Advanced Television

Sharp and NEC to combine 8K+5G display division

March 26, 2020

By Chris Forrester

Japanese electronics giants Sharp and NEC are to create a joint-venture by combining NEC’s Display Solutions (NDS).

The pair say the joint ventire will allow both companies to build upon their strengths and address the visualisation needs of their global customers, and will help bring 8K+5G products to market.

The agreement sees NEC transfer 66 per cent of its NDS subsidiary to Sharp and where NEC retains a 34 per cent equity stake in the j-v.

According to Futuresource’s Worldwide Quarterly Tracking Services, in 2019 the brands had a combined volume share of 7.5 per cent in the LCD market, and 5.1 per cent in the projector market.

“NEC offers one of the broadest visual solutions portfolios in the industry, and with a consultancy-led sales approach, NEC is recognised as a trusted advisor and total solutions provider,” said Hisatsugu Nakatani, President, NEC Display Solutions. “This joint venture between Sharp and NEC Display Solutions will bring even greater value and benefits to customers and partners by extending our state-of-the-art product portfolios together with a range of professional service offerings. Sharp and NEC Display Solutions follow the same strategic approach to the future of visual solutions, focusing on superior customer satisfaction enabled by high quality products, sales leadership excellence and committed relationship building.”

“The combination of Sharp’s and NDS’ international strengths is mutually complementary,” said Fujikazu Nakayama, Senior Executive Managing Officer, Sharp Corporation and BU President, Business Solutions BU. “We expect this agreement to result in a wide range of synergies, including economies of scale and business expansion in new categories, including an 8K+5G Ecosystem.
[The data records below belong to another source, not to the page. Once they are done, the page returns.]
definition oocf_T :: "real \<Rightarrow> real" where
  "oocf_T x =
     (if x = 1 then 1
      else if \<exists>k::nat. k \<ge> 1 \<and> x \<in> oocf_B (k + 1, -1) then
        (let k = real (SOME k::nat. k \<ge> 1 \<and> x \<in> oocf_B (k + 1, -1))
         in (k * x - (k - 1)) / (k - (k + 1) * x))
      else
        (let k = real (SOME k::nat. k \<ge> 1 \<and> x \<in> oocf_B (k, 1))
         in (k - (k + 1) * x) / (k * x - (k - 1))))"

definition oocf_digit :: "real \<Rightarrow> nat \<Rightarrow> nat \<times> int" where
  "oocf_digit x n = (THE d. d \<in> oocf_D \<and> (oocf_T ^^ (n - 1)) x \<in> oocf_B d)"

fun oocf_tail :: "(nat \<times> int) list \<Rightarrow> real" where
  "oocf_tail [] = 0"
| "oocf_tail [(a, e)] = real a + real_of_int e / 2"
| "oocf_tail ((a, e) # ds) = real a + real_of_int e / (2 - 1 / oocf_tail ds)"

definition oocf_conv :: "real \<Rightarrow> nat \<Rightarrow> real" where
  "oocf_conv x n = 1 - 1 / oocf_tail (map (oocf_digit x) [1..<n + 1])"

definition eicf_D :: "(nat \<times> int) set" where
  "eicf_D = {(b, e). \<exists>k::nat. k \<ge> 1 \<and> b = 2 * k \<and> (e = 1 \<or> e = -1)}"

definition eicf_B :: "nat \<times> int \<Rightarrow> real set" where
  "eicf_B d = (case d of (b, e) \<Rightarrow>
     if e = 1 then {1 / (real b + 1) .. 1 / real b}
     else {1 / real b .. 1 / (real b - 1)})"

definition eicf_T :: "real \<Rightarrow> real" where
  "eicf_T y =
     (if y = 0 then 0
      else if \<exists>k::nat. k \<ge> 1 \<and> y \<in> {1 / (2 * real k + 1) .. 1 / (2 * real k)} then
        (let k = real (SOME k::nat. k \<ge> 1 \<and> y \<in> {1 / (2 * real k + 1) .. 1 / (2 * real k)})
         in 1 / y - 2 * k)
      else
        (let k = real (SOME k::nat. k \<ge> 1 \<and> y \<in> {1 / (2 * real k) .. 1 / (2 * real k - 1)})
         in 2 * k - 1 / y))"

definition eicf_digit :: "real \<Rightarrow> nat \<Rightarrow> nat \<times> int" where
  "eicf_digit y n = (THE d. d \<in> eicf_D \<and> (eicf_T ^^ (n - 1)) y \<in> eicf_B d)"

fun eicf_tail :: "(nat \<times> int) list \<Rightarrow> real" where
  "eicf_tail [] = 0"
| "eicf_tail [(b, e)] = real b"
| "eicf_tail ((b, e) # ds) = real b + real_of_int e / eicf_tail ds"

definition eicf_conv :: "real \<Rightarrow> nat \<Rightarrow> real" where
  "eicf_conv y n = 1 / eicf_tail (map (eicf_digit y) [1..<n + 1])"

definition digit_phi :: "nat \<times> int \<Rightarrow> nat \<times> int" where
  "digit_phi d = (case d of (a, e) \<Rightarrow> if e = -1 then (2 * (a - 1), -1) else (2 * a, 1))"

definition cayley_f :: "real \<Rightarrow> real" where
  "cayley_f t = (1 - t) / (1 + t)"

end

theory Submission
  imports Defs
begin

text \<open>
  The Cayley map \<open>f t = (1 - t) / (1 + t)\<close> is a decreasing involution of \<open>(0, 1)\<close> that sends
  the endpoints of the OOCF cylinders \<open>B(k, 1)\<close> and \<open>B(k + 1, -1)\<close> onto those of the EICF
  cylinders of the digits \<open>(2k, 1)\<close> and \<open>(2k, -1)\<close>, so \<open>z\<close> has OOCF digit \<open>d\<close> exactly when
  \<open>f z\<close> has EICF digit \<open>\<phi> d\<close>. Writing \<open>w = 1 / f z = (1 + z) / (1 - z)\<close>, the OOCF map on these
  cylinders is \<open>T z = f (w - 2k)\<close> resp. \<open>f (2k - w)\<close>, while \<open>T\<^sub>E (f z)\<close> is \<open>w - 2k\<close> resp.
  \<open>2k - w\<close>; hence \<open>f\<close> conjugates \<open>T\<close> to \<open>T\<^sub>E\<close> and all digits correspond. For the convergents,
  induction on the digit list shows that the EICF tail of the \<open>\<phi>\<close>-digits is \<open>2A - 1\<close> when \<open>A\<close> is
  the OOCF tail, and \<open>f (1 - 1/A) = 1 / (2A - 1)\<close>.
\<close>

lemma cayley_f_involution: "t \<noteq> -1 \<Longrightarrow> cayley_f (cayley_f t) = t"
  unfolding cayley_f_def by (simp add: field_simps add_eq_0_iff2)

lemma cayley_f_le_iff: "-1 < s \<Longrightarrow> -1 < t \<Longrightarrow> cayley_f s \<le> cayley_f t \<longleftrightarrow> t \<le> s"
  unfolding cayley_f_def by (simp add: divide_simps) (auto simp: algebra_simps)

lemma cayley_f_unit_interval: "0 < t \<Longrightarrow> t < 1 \<Longrightarrow> 0 < cayley_f t \<and> cayley_f t < 1"
  unfolding cayley_f_def by (simp add: divide_simps)

lemma cayley_f_Rats_iff: "t \<noteq> -1 \<Longrightarrow> cayley_f t \<in> \<rat> \<longleftrightarrow> t \<in> \<rat>"
  by (metis Rats_1 Rats_add Rats_diff Rats_divide cayley_f_def cayley_f_involution)

lemma cayley_f_irrational_unit_interval:
  "0 < z \<Longrightarrow> z < 1 \<Longrightarrow> z \<notin> \<rat> \<Longrightarrow> 0 < cayley_f z \<and> cayley_f z < 1 \<and> cayley_f z \<notin> \<rat>"
  using cayley_f_unit_interval cayley_f_Rats_iff by simp

text \<open>No hypothesis \<open>q + p \<noteq> 0\<close> is needed: both sides are then \<open>0\<close>, as \<open>x / 0 = 0\<close>.\<close>

lemma cayley_f_divide: "q \<noteq> 0 \<Longrightarrow> cayley_f (p / q) = (q - p) / (q + p)"
proof -
  assume q: "q \<noteq> 0"
  have "cayley_f (p / q) = ((q - p) / q) / ((q + p) / q)"
    unfolding cayley_f_def using q by (simp add: diff_divide_distrib add_divide_distrib)
  also have "\<dots> = (q - p) / (q + p)" using q by simp
  finally show ?thesis .
qed

lemma cayley_f_shift_plus:
  "z \<noteq> 1 \<Longrightarrow> cayley_f ((1 + z) / (1 - z) - 2 * c) = (c - (c + 1) * z) / (c * z - (c - 1))"
proof -
  assume "z \<noteq> 1"
  then have "(1 + z) / (1 - z) - 2 * c = (1 + z - 2 * c * (1 - z)) / (1 - z)"
    by (simp add: field_simps)
  also have "cayley_f \<dots> = (2 * (c - (c + 1) * z)) / (2 * (c * z - (c - 1)))"
    using \<open>z \<noteq> 1\<close> by (subst cayley_f_divide) (simp_all add: algebra_simps)
  finally show ?thesis by (simp only: mult_divide_mult_cancel_left_if) simp
qed

lemma cayley_f_shift_minus:
  "z \<noteq> 1 \<Longrightarrow> cayley_f (2 * c - (1 + z) / (1 - z)) = (c * z - (c - 1)) / (c - (c + 1) * z)"
proof -
  assume "z \<noteq> 1"
  then have "2 * c - (1 + z) / (1 - z) = (2 * c * (1 - z) - (1 + z)) / (1 - z)"
    by (simp add: field_simps)
  also have "cayley_f \<dots> = (2 * (c * z - (c - 1))) / (2 * (c - (c + 1) * z))"
    using \<open>z \<noteq> 1\<close> by (subst cayley_f_divide) (simp_all add: algebra_simps)
  finally show ?thesis by (simp only: mult_divide_mult_cancel_left_if) simp
qed

lemma cayley_f_one_minus_inverse: "A \<noteq> 0 \<Longrightarrow> cayley_f (1 - 1 / A) = 1 / (2 * A - 1)"
  by (simp add: cayley_f_def field_simps)

lemma floor_eq_if_mem_Icc:
  fixes w :: real
  assumes "w \<notin> \<rat>" "of_int c \<le> w" "w \<le> of_int c + 1"
  shows "\<lfloor>w\<rfloor> = c"
proof -
  have "w \<noteq> of_int c + 1" using assms(1) by (metis Rats_add Rats_of_int Rats_1)
  with assms(2,3) show ?thesis by (simp add: floor_eq_iff)
qed

lemma irrational_in_unit_interval_shift:
  fixes w c :: real
  assumes "w \<notin> \<rat>" "c \<in> \<rat>" "c \<le> w" "w \<le> c + 1"
  shows "0 < w - c \<and> w - c < 1 \<and> w - c \<notin> \<rat>" "0 < c + 1 - w \<and> c + 1 - w < 1 \<and> c + 1 - w \<notin> \<rat>"
proof -
  have "w \<noteq> c" "w \<noteq> c + 1" using assms(1,2) by auto
  moreover have "w - c \<notin> \<rat>" "c + 1 - w \<notin> \<rat>" using assms(1,2) by (simp_all add: Rats_diff_iff)
  ultimately show "0 < w - c \<and> w - c < 1 \<and> w - c \<notin> \<rat>" "0 < c + 1 - w \<and> c + 1 - w < 1 \<and> c + 1 - w \<notin> \<rat>"
    using assms(3,4) by auto
qed

lemma bij_betw_ex1_transfer:
  assumes g: "bij_betw g A B" and PQ: "\<And>a. a \<in> A \<Longrightarrow> P a \<longleftrightarrow> Q (g a)"
    and ex1: "\<exists>!b. b \<in> B \<and> Q b"
  shows "\<exists>!a. a \<in> A \<and> P a" "g (THE a. a \<in> A \<and> P a) = (THE b. b \<in> B \<and> Q b)"
proof -
  obtain b where b: "b \<in> B" "Q b" using ex1 by blast
  then obtain a where a: "a \<in> A" "g a = b" using g by (auto simp: bij_betw_def)
  have "a' = a" if "a' \<in> A" "P a'" for a'
  proof -
    have "g a' \<in> B" "Q (g a')" using that g PQ by (auto simp: bij_betw_def)
    with ex1 b have "g a' = g a" using a(2) by blast
    with that(1) a(1) g show ?thesis by (auto simp: bij_betw_def inj_on_def)
  qed
  moreover have "P a" using PQ a b by simp
  ultimately show ex1_a: "\<exists>!a. a \<in> A \<and> P a" using a(1) by blast
  show "g (THE a. a \<in> A \<and> P a) = (THE b. b \<in> B \<and> Q b)"
    using theI'[OF ex1_a] PQ g ex1 by (intro the1_equality[symmetric]) (auto simp: bij_betw_def)
qed

lemma oocf_D_cases:
  assumes "d \<in> oocf_D"
  obtains k where "k \<ge> 1" "d = (k, 1)" | k where "k \<ge> 1" "d = (k + 1, -1)"
proof -
  obtain a e where d: "d = (a, e)" by (cases d)
  consider "a = 1" "e = 1" | "a \<ge> 2" "e = 1" | "a \<ge> 2" "e = -1"
    using assms unfolding d oocf_D_def by auto
  then show thesis
  proof cases
    case 3
    then have "d = (a - 1 + 1, -1)" "a - 1 \<ge> 1" using d by auto
    then show thesis by (rule that(2)[rotated])
  qed (use d that(1) in auto)
qed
Sharp believes that developing NDS as a joint venture with NEC will contribute to our business growth by enforcing our BtoB business and expanding sales.”

Futuresource analysts say: “The merger of NEC and Sharps’ offerings will enable both brands to adopt this strategy more effectively; NEC’s consultancy-led sales approach will no-doubt provide more opportunities for Sharp’s high-end solutions. Whilst Sharp’s focus on innovation will enable NEC’s broad portfolio to focus more on the lucrative high-end niches.”

“In short, the joint venture will no doubt prove to be a positive one but the threats that led to its creation are only set to grow. Dynamics in the display industry are shifting rapidly and whilst this may lead to further mergers between Japanese, and even Taiwanese companies, brands must be able to react swiftly, or risk being left behind,” added Futuresource.